COVID -19 shines spotlight on the importance of savings – 22% of those aged 35-54 don’t have a financial safety net
WHAT: The Toluna Financial Services Sentiment Indicator is a quarterly study exploring key financial services issues in the UK and the consumers they serve. The latest research surveyed 1,137 respondents in August 2020.
Confidence in the financial services sector remains stable despite the UK entering its worst recession on record
- 68% of respondents have stated that their confidence in financial services providers, such as banks, insurance companies, credit card businesses and investment firms, has remained the same since pre-COVID-19
Savers’ ethical concerns create the big wins for investors with a focus on sustainable business models that can withstand market shocks fuelling investment growth
- COVID-19 has accelerated already existing interest in sustainable investments as those aged between 18 and 34 demand more responsible and ethical products and services from organisations.
- 69% of 18 – 34-year olds are interested in the environmental and societal impact of any investments they have or might have in the future, demonstrating just how important environmental and sustainability issues are to them.
- 47% of those aged over 55 are also keen to understand the environmental and societal impact of their investments.
The pandemic has supercharged a huge shift in financial services firms becoming truly digital following demand from 18-34-year olds to manage their finances virtually but older people may need more support in transitioning to digital.
- More people are choosing virtual methods of banking with 75% using online banking, 44% mobile apps, 13% virtual payment cards and 8% video chats with financial services companies.
- 18-34-year olds are significantly more likely than both the 35-54 and 55+ groups to use digital financial services. For example, 65% of those aged 18-34 are using mobile apps compared to 23% of those aged 55 and over. When it comes to in person banking, 61% of those aged over 55 are still visiting their local branch compared to 46% of 18-34-year olds.
- When asked about their future banking preferences, it’s perhaps no surprise that the youngest age bracket (18-34 year olds) are significantly more likely than both the 35-54 and 55+ groups to prefer non-traditional banking methods (mobile apps, virtual payment cards, cryptocurrency and video chat). For example, 58% of those aged 18-34 said they would prefer to use mobile apps when dealing with financial services providers as opposed to just 21% of those aged 55 and over. Nearly a quarter of those aged between 18 and 34 years old would like to use video chat in future when communicating with their bank, credit card provider or investment firm.
- Those aged 55 and over are significantly more likely to prefer ‘in person at a branch’ with 58% stating that this is their preferred way to bank, compared to 39% of 18-34-year olds.
While people in the UK believe financial services companies support sustainable communities, they also think that banks, investment firms and other providers need to change their offering to help meet consumer financial needs
- Over half of 18-34 year olds (55%) believe banks, investment firms and credit card companies are helping to drive growth in sustainable communities.
- This percentage is over 20% lower among the 55 and over age bracket (32%).
In terms of current financial products and services available:
- 1 in 4 (25%) of those aged 55+ currently state that their savings do not meet their current needs at all.
- Over half (54%) of females claim to have no investments at all.
COVID-19 has shone a spotlight on the importance of savings and having a financial safety net with those aged 35-54 the least likely group to have one in place:
- Over half of those surveyed said they save regularly (56%)
- 63% of people in the UK have a financial safety net
- Those aged 35-54 are the most likely to feel that they do not have a safety net, with 22% agreeing that they don’t have an adequate financial safety net in place.

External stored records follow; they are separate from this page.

section \<open>Convolution of Pauli channels\<close>

lemma conv_left_commute: "conv n f (conv n g h) = conv n g (conv n f h)"
proof
  fix e
  let ?G = "pauli_group n"
  have reorder: "pmult (pmult e x) y = pmult (pmult e y) x" for x y
    by (metis pmult_assoc pmult_commute)
  show "conv n f (conv n g h) e = conv n g (conv n f h) e"
  proof (cases "e \<in> ?G")
    case True
    have "conv n f (conv n g h) e = (\<Sum>x\<in>?G. \<Sum>y\<in>?G. f x * (g y * h (pmult (pmult e x) y)))"
      unfolding conv_def using True by (simp add: sum_distrib_left)
    also have "\<dots> = (\<Sum>y\<in>?G. \<Sum>x\<in>?G. g y * (f x * h (pmult (pmult e y) x)))"
      by (subst sum.swap) (simp add: reorder mult.left_commute)
    also have "\<dots> = conv n g (conv n f h) e"
      unfolding conv_def using True by (simp add: sum_distrib_left)
    finally show ?thesis .
  qed (simp add: conv_def)
qed

lemma conv_over_empty [simp]: "conv_over n {} Pf = delta_id n"
  unfolding conv_over_def by simp

lemma conv_over_insert:
  assumes "finite \<Gamma>" and "\<gamma> \<notin> \<Gamma>"
  shows "conv_over n (insert \<gamma> \<Gamma>) Pf = conv n (Pf \<gamma>) (conv_over n \<Gamma> Pf)"
proof -
  interpret comp_fun_commute_on UNIV "\<lambda>\<gamma>. conv n (Pf \<gamma>)"
    by unfold_locales (simp add: fun_eq_iff conv_left_commute)
  show ?thesis
    unfolding conv_over_def using assms by simp
qed

lemma conv_over_nonneg:
  assumes "finite \<Gamma>" and "\<forall>\<gamma>\<in>\<Gamma>. \<forall>e. 0 \<le> Pf \<gamma> e"
  shows "0 \<le> conv_over n \<Gamma> Pf e"
  using assms
proof (induction \<Gamma> arbitrary: e rule: finite_induct)
  case empty
  then show ?case by (simp add: delta_id_def)
next
  case (insert \<gamma> \<Gamma>)
  then show ?case
    by (auto simp: conv_over_insert conv_def intro!: sum_nonneg)
qed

- Other groups who are lacking a safety net include those who say their ‘confidence in the financial sector in the past 12 months has decreased’ (21% with no safety net) vs. those whose confidence level has increased in the last 12 months (5% with no safety net).
- Unsurprisingly, those who have failed to pay a bill or loan/credit card repayment in 3 of the last 6 months are also the most likely to claim they have no safety net.
Michael Worledge, Finance Sector Head, Toluna said:
“Unlike in the aftermath of the financial crisis of 2008, the financial services industry currently has much higher levels of confidence from the public and is therefore in a better position to provide support.
“Lockdown left many people with more money to put into savings that they would otherwise have spent on commuting, going out and retail. However, many consumers are now financially worse off, with no safety net to fall back on, and have been increasingly telling us they are looking to save more for a rainy day. Financial services companies continue to provide support and flexibility but should consider how they can leverage the relatively high levels of confidence to help consumers put in place their financial safety net, understanding and actioning changing customer sentiment.
“The public has had a massive nudge towards digital channels over the past few months. It’s not a surprise that older groups still prefer more traditional ways of dealing with financial services, and it does highlight a continued important role for branches. However, the pandemic has had the effect of enabling many people to be more comfortable managing at least parts of their finances digitally, and many want to do more than they can currently. Providers will need to understand where and through which channels customers want to do more, accelerate their digital strategies, and ensure excellent customer journeys.”